RONKONKOMA, N.Y., Aug. 2, 2011 /PRNewswire/ -- NBTY, Inc. ("NBTY"), announced today that it has completed its registered exchange offer to exchange up to $650,000,000 aggregate principal amount of its 9% Senior Notes due 2018 (the "Exchange Notes") for an equal principal amount of its outstanding 9% Senior Notes due 2018, which NBTY issued in a private placement (the "Private Notes").
$650,000,000 in aggregate principal amount of Private Notes were exchanged in the exchange offer and were accepted by NBTY, representing 100% of the aggregate principal amount of the Private Notes outstanding. The exchange offer expired at 5:00 p.m., New York City time, on July 26, 2011.
When it issued the Private Notes, NBTY agreed to file with the Securities and Exchange Commission a registration statement under the Securities Act of 1933, as amended, relating to the exchange offer under which NBTY would offer the Exchange Notes, containing substantially identical terms to the Private Notes, in exchange for Private Notes that are tendered by the holders of those notes.
Any Private Notes not tendered for exchange in the exchange offer will remain outstanding and continue to accrue interest, but will not retain any rights under the registration rights agreement except in limited circumstances.
This press release does not constitute an offer to sell any securities or a solicitation of an offer to buy any securities. The exchange offer was made only by means of a written prospectus.

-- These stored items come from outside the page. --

(* Let $n\ge1$, $N\ge1$, $p\in(0,1)$, and let $I:\{0,1\}^n\to\{0,1\}$ be a decoding-error indicator with error-correcting capability $t$ ($0\le t<n$, $I(\mathbf z)=0$ whenever $wt(\mathbf z)\le t$). For $q\in(0,1)$ let $\hat P_{IS}(e)=\frac1N\sum_{j=1}^N I(\mathbf z_j)W(wt(\mathbf z_j);p,q)$ with $\mathbf z_j$ i.i.d. with pmf $q^{wt(\mathbf z)}(1-q)^{n-wt(\mathbf z)}$. Then the function $q\mapsto\mathrm{var}_q[\hat P_{IS}(e)]$ is convex on $(0,1)$.
   Context: Setting: linear block code of length $n$ over a binary symmetric channel with cross-over probability $p$; all-zero codeword transmitted so the channel output is the error pattern $\mathbf z\in\{0,1\}^n$. $wt(\mathbf z)$ is the number of ones. $I(\mathbf z)=1$ iff $\mathbf z$ is erroneously decoded. $W(i;p,q)=\frac{p^i(1-p)^{n-i}}{q^i(1-q)^{n-i}}$. $\mathrm{var}_q$ is the variance when samples have pmf $q^{wt(\mathbf z)}(1-q)^{n-wt(\mathbf z)}$. *)

theory Defs
  imports "HOL-Probability.Probability"
begin

text \<open>Binary words of length n are modelled as functions nat => bool, with
  coordinates 0..<n relevant (values outside are False, the default of Pi_pmf).\<close>

definition wt :: "nat \<Rightarrow> (nat \<Rightarrow> bool) \<Rightarrow> nat" where
  "wt n z = card {i \<in> {..<n}. z i}"

definition W :: "nat \<Rightarrow> nat \<Rightarrow> real \<Rightarrow> real \<Rightarrow> real" where
  "W n i p q = (p ^ i * (1 - p) ^ (n - i)) / (q ^ i * (1 - q) ^ (n - i))"

text \<open>Distribution of one error pattern: i.i.d. Bernoulli(q) bits, so its pmf is
  q^wt(z) (1-q)^(n-wt(z)) on {0,1}^n.\<close>
definition pattern_pmf :: "nat \<Rightarrow> real \<Rightarrow> (nat \<Rightarrow> bool) pmf" where
  "pattern_pmf n q = Pi_pmf {..<n} False (\<lambda>_. bernoulli_pmf q)"

definition samples_pmf :: "nat \<Rightarrow> nat \<Rightarrow> real \<Rightarrow> (nat \<Rightarrow> nat \<Rightarrow> bool) pmf" where
  "samples_pmf N n q = Pi_pmf {..<N} (\<lambda>_. False) (\<lambda>_. pattern_pmf n q)"

definition P_IS :: "nat \<Rightarrow> nat \<Rightarrow> ((nat \<Rightarrow> bool) \<Rightarrow> real) \<Rightarrow> real \<Rightarrow> real
    \<Rightarrow> (nat \<Rightarrow> nat \<Rightarrow> bool) \<Rightarrow> real" where
  "P_IS N n I p q zs = (1 / real N) * (\<Sum>j<N. I (zs j) * W n (wt n (zs j)) p q)"

definition var_IS :: "nat \<Rightarrow> nat \<Rightarrow> ((nat \<Rightarrow> bool) \<Rightarrow> real) \<Rightarrow> real \<Rightarrow> real \<Rightarrow> real" where
  "var_IS N n I p q = measure_pmf.variance (samples_pmf N n q) (P_IS N n I p q)"

end

theory Submission
  imports Defs
begin

text \<open>Write P_q(z) = q^wt(z) (1-q)^(n-wt(z)) for the probability of a word z of length n.
  The single-sample estimator I(z) W(wt(z); p, q) = I(z) P_p(z) / P_q(z) has mean
  sum_z I(z) P_p(z), independent of q (importance sampling is unbiased), and second moment
  sum_z I(z)^2 P_p(z)^2 / P_q(z), a nonnegative combination of the convex functions
  q \<mapsto> q^-a (1-q)^-b. The variance of the mean of N i.i.d. samples is the single-sample
  variance divided by N, hence convex in q as well.\<close>

definition binary_words :: "nat \<Rightarrow> (nat \<Rightarrow> bool) set" where
  "binary_words n = {z. \<forall>i\<ge>n. \<not> z i}"

definition word_prob :: "nat \<Rightarrow> real \<Rightarrow> (nat \<Rightarrow> bool) \<Rightarrow> real" where
  "word_prob n q z = q ^ wt n z * (1 - q) ^ (n - wt n z)"

lemma binary_words_eq_PiE_dflt: "binary_words n = PiE_dflt {..<n} False (\<lambda>_. UNIV)"
  by (auto simp: binary_words_def PiE_dflt_def not_less)

lemma finite_binary_words: "finite (binary_words n)"
  unfolding binary_words_eq_PiE_dflt by (intro finite_PiE_dflt) auto

lemma set_pmf_pattern_pmf: "set_pmf (pattern_pmf n q) \<subseteq> binary_words n"
  unfolding pattern_pmf_def binary_words_eq_PiE_dflt
  by (rule order.trans[OF set_Pi_pmf_subset']) (auto simp: PiE_dflt_def)

lemma pmf_pattern_pmf:
  assumes "z \<in> binary_words n" "0 \<le> q" "q \<le> 1"
  shows "pmf (pattern_pmf n q) z = word_prob n q z"
proof -
  have "pmf (pattern_pmf n q) z = (\<Prod>i<n. if z i then q else 1 - q)"
    using assms by (auto simp: pattern_pmf_def pmf_Pi binary_words_def intro!: prod.cong)
  also have "\<dots> = q ^ card {i \<in> {..<n}. z i} * (1 - q) ^ card {i \<in> {..<n}. \<not> z i}"
    by (simp add: prod.If_cases Int_def)
  also have "card {i \<in> {..<n}. \<not> z i} = n - wt n z"
  proof -
    have "{i \<in> {..<n}. \<not> z i} = {..<n} - {i \<in> {..<n}. z i}"
      by auto
    then show ?thesis
      by (simp only:) (subst card_Diff_subset; auto simp: wt_def)
  qed
  finally show ?thesis
    by (simp add: word_prob_def wt_def)
qed

lemma expectation_pattern_pmf:
  assumes "0 \<le> q" "q \<le> 1"
  shows "measure_pmf.expectation (pattern_pmf n q) f
       = (\<Sum>z\<in>binary_words n. f z * word_prob n q z)"
  using set_pmf_pattern_pmf assms
  by (subst integral_measure_pmf_real[OF finite_binary_words]) (auto simp: pmf_pattern_pmf intro!: sum.cong)

lemma convex_on_cong:
  assumes "\<And>x. x \<in> S \<Longrightarrow> f x = g x"
  shows "convex_on S f \<longleftrightarrow> convex_on S g"
  unfolding convex_on_def using assms by (auto simp: convexD)

lemma convex_on_sum_fun:
  fixes F :: "'b \<Rightarrow> 'a::real_vector \<Rightarrow> real"
  assumes "finite A" "convex S" "\<And>z. z \<in> A \<Longrightarrow> convex_on S (F z)"
  shows "convex_on S (\<lambda>x. \<Sum>z\<in>A. F z x)"
  using assms by (induction A rule: finite_induct) (auto simp: convex_on_const)

lemma convex_on_exp_neg_ln:
  fixes a b :: real
  assumes "0 \<le> a" "0 \<le> b"
  shows "convex_on {0<..<1} (\<lambda>q. exp (- a * ln q - b * ln (1 - q)))"
proof (rule f''_ge0_imp_convex)
  let ?f = "\<lambda>q. exp (- a * ln q - b * ln (1 - q))" and ?g = "\<lambda>q. b / (1 - q) - a / q"
  fix q :: real assume q: "q \<in> {0<..<1}"
  show f': "(?f has_real_derivative ?f q * ?g q) (at q)"
    using q by (auto intro!: derivative_eq_intros simp: field_simps)
  have g': "(?g has_real_derivative b / (1 - q)^2 + a / q^2) (at q)"
    using q by (auto intro!: derivative_eq_intros simp: field_simps power2_eq_square)
  show "((\<lambda>q. ?f q * ?g q) has_real_derivative
      ?f q * ((?g q)^2 + (b / (1 - q)^2 + a / q^2))) (at q)"
    by (rule DERIV_cong[OF DERIV_mult[OF f' g']])
      (simp only: power2_eq_square distrib_left distrib_right mult_ac add_ac)
  show "0 \<le> ?f q * ((?g q)^2 + (b / (1 - q)^2 + a / q^2))"
    using assms by (intro mult_nonneg_nonneg add_nonneg_nonneg) auto
qed simp

lemma convex_on_powr_neg:
  fixes a b :: real
  assumes "0 \<le> a" "0 \<le> b"
  shows "convex_on {0<..<1} (\<lambda>q. q powr (- a) * (1 - q) powr (- b))"
proof -
  have "q powr (- a) * (1 - q) powr (- b) = exp (- a * ln q - b * ln (1 - q))"
    if "q \<in> {0<..<1}" for q :: real
  proof -
    have "q powr (- a) * (1 - q) powr (- b) = exp (- a * ln q) * exp (- b * ln (1 - q))"
      using that by (simp add: powr_def)
    also have "\<dots> = exp (- a * ln q - b * ln (1 - q))"
      by (simp add: exp_diff exp_minus divide_inverse)
    finally show ?thesis .
  qed
  then have "convex_on {0<..<1} (\<lambda>q. q powr (- a) * (1 - q) powr (- b))
      \<longleftrightarrow> convex_on {0<..<1} (\<lambda>q. exp (- a * ln q - b * ln (1 - q)))"
    by (rule convex_on_cong)
  with convex_on_exp_neg_ln[OF assms] show ?thesis
    by blast
qed

lemma convex_on_divide_word_prob:
  assumes "0 \<le> c"
  shows "convex_on {0<..<1} (\<lambda>q. c / word_prob n q z)"
proof -
  have "c / word_prob n q z = c * (q powr - real (wt n z) * (1 - q) powr - real (n - wt n z))"
    if "q \<in> {0<..<1}" for q
    using that by (simp add: word_prob_def powr_minus_divide powr_realpow)
  then have "convex_on {0<..<1} (\<lambda>q. c / word_prob n q z) \<longleftrightarrow>
      convex_on {0<..<1} (\<lambda>q. c * (q powr - real (wt n z) * (1 - q) powr - real (n - wt n z)))"
    by (rule convex_on_cong)
  with assms show ?thesis
    by (simp add: convex_on_cmul convex_on_powr_neg)
qed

This release contains certain forward-looking statements within the meaning of the Private Securities Litigation Reform Act of 1995 with respect to NBTY. Although NBTY believes these forward-looking statements are reasonable, NBTY cautions readers not to place undue reliance on these statements, which are inherently uncertain. NBTY cannot guarantee future results, trends, events, levels of activity, performance or achievements, and does not undertake, and specifically declines any obligation to update, republish or revise forward-looking statements to reflect events or circumstances after the date hereof or to reflect the occurrences of unanticipated events, except as required by law. Consequently, readers should regard all forward-looking statements solely as NBTY's current plans, estimates and beliefs.
NBTY, Inc. (www.NBTY.com) is the leading vertically integrated manufacturer, marketer, distributor and retailer of high quality vitamins, nutritional supplements and related products in the United States, with operations worldwide.
Chief Financial Officer
SOURCE NBTY, Inc.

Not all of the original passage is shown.